I am trying to create a simple program which calls on 2 functions. The first function takes a partially filled array, loops through it and deletes any duplicate values. When a value is deleted from the array, the remaining numbers are moved backwards to fill the gap i.e. when the function is finished, all null values of the array will be together at the end.
The second function prints the updated array.
My current code is below.

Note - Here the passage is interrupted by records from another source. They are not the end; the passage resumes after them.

lemma separated_pair_right_of_no_germ:
  assumes P: "partition_on Qplus P" and rc: "rat_right_cont P" and x: "0 \<le> x"
    and no_germ: "\<nexists>B. right_germ P x B" and "x < u"
  obtains r s where "x < real_of_rat r" "r < s" "real_of_rat s < u" "\<not> same_block P r s"
proof -
  obtain q where q: "q \<in> Qplus" "x < real_of_rat q" "real_of_rat q < u"
    using exists_rat_between[OF x \<open>x < u\<close>] by blast
  then obtain B where B: "B \<in> P" "q \<in> B" using P unfolding partition_on_def by blast
  moreover have "u - x > 0" using \<open>x < u\<close> by simp
  ultimately have "\<not> (\<forall>q'. x \<le> real_of_rat q' \<and> real_of_rat q' < x + (u - x) \<longrightarrow> q' \<in> B)"
    using no_germ unfolding right_germ_def by blast
  then obtain q' where q': "x \<le> real_of_rat q'" "real_of_rat q' < u" "q' \<notin> B" by auto
  have "real_of_rat q' \<noteq> x"
  proof
    assume q'_x: "real_of_rat q' = x"
    have "q' \<in> Qplus" using x q'(1) by (rule mem_QplusI)
    then obtain C where "C \<in> P" "q' \<in> C" using P unfolding partition_on_def by blast
    then have "right_germ P (real_of_rat q') C" by (rule right_germ_of_rat[OF P rc])
    then show False using no_germ q'_x by blast
  qed
  with q' have "x < real_of_rat q'" by simp
  have "\<not> same_block P q q'" using same_block_iff_mem[OF P B] q'(3) by blast
  then have sep: "\<not> same_block P q q'" "\<not> same_block P q' q"
    using same_block_sym[of P q' q] by blast+
  have "q \<noteq> q'" using B q' by blast
  then consider "q < q'" | "q' < q" by (rule linorder_neqE)
  then show thesis
  proof cases
    case 1
    then show thesis using that[of q q'] q sep q' by blast
  next
    case 2
    then show thesis using that[of q' q] q sep q' \<open>x < real_of_rat q'\<close> by blast
  qed
qed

At present when I run my code, the console shows:
2 6 0 -858993460 -858993460 -858993460 -858993460 -858993460 -858993460 -858993460. It should be showing: 1 2 5 6 if it worked correctly.
Also, I am not sure how to move the remaining elements of the array backwards so that the null values will be together at the end.
#include "pch.h"
#include <iostream>
using namespace std;
void deleteRepeats(int *arr, int arraySize, int& posUsed);
void printArray(int *arr, int arraySize);
int main()
{
int arr[10] = { 1, 2, 2, 5, 6, 1};
int posUsed = 6;
int arraySize = 10;
deleteRepeats(arr, arraySize, posUsed);
printArray(arr, arraySize);
return 0;
}
void deleteRepeats(int *arr, int arraySize, int& posUsed)
{
{
for (int i = 0; i < arraySize; i++)
{
for (int j = i; j < arraySize; j++)
{
if (arr[i] == arr[j])
{
for (int k = j; k < arraySize; k++)
{
arr[k] = arr[k + 1];
}
posUsed--;
}
else
j++;
}
}
}
}
void printArray(int *arr, int arraySize)
{
for (int i = 0; i < arraySize; i++)
{
cout << arr[i] << " ";
}
}
I would let the std containers to what you like to do.
Sort the vector
Use erase and unique to delete duplicates.
Here is the code
#include <vector>
#include <iostream>
#include <algorithm>
void print(const std::vector<int> &arr){
for (const auto & i : arr){
std::cout << i <<" ";
}
std::cout <<"\n";
}
int main() {
std::vector<int> arr{1, 2, 2, 5, 6, 1};
print(arr);
std::sort( arr.begin(), arr.end() );
arr.erase( std::unique( arr.begin(), arr.end() ), arr.end() );
print(arr);
}
Ps. Using int *arr, int arraySize is not very C++ like. Please always try to use a proper container (which almost always will be std::vector).
EDIT:
I changed my answer a bit, because I found this speed comparison (and actuallty the whole question answered).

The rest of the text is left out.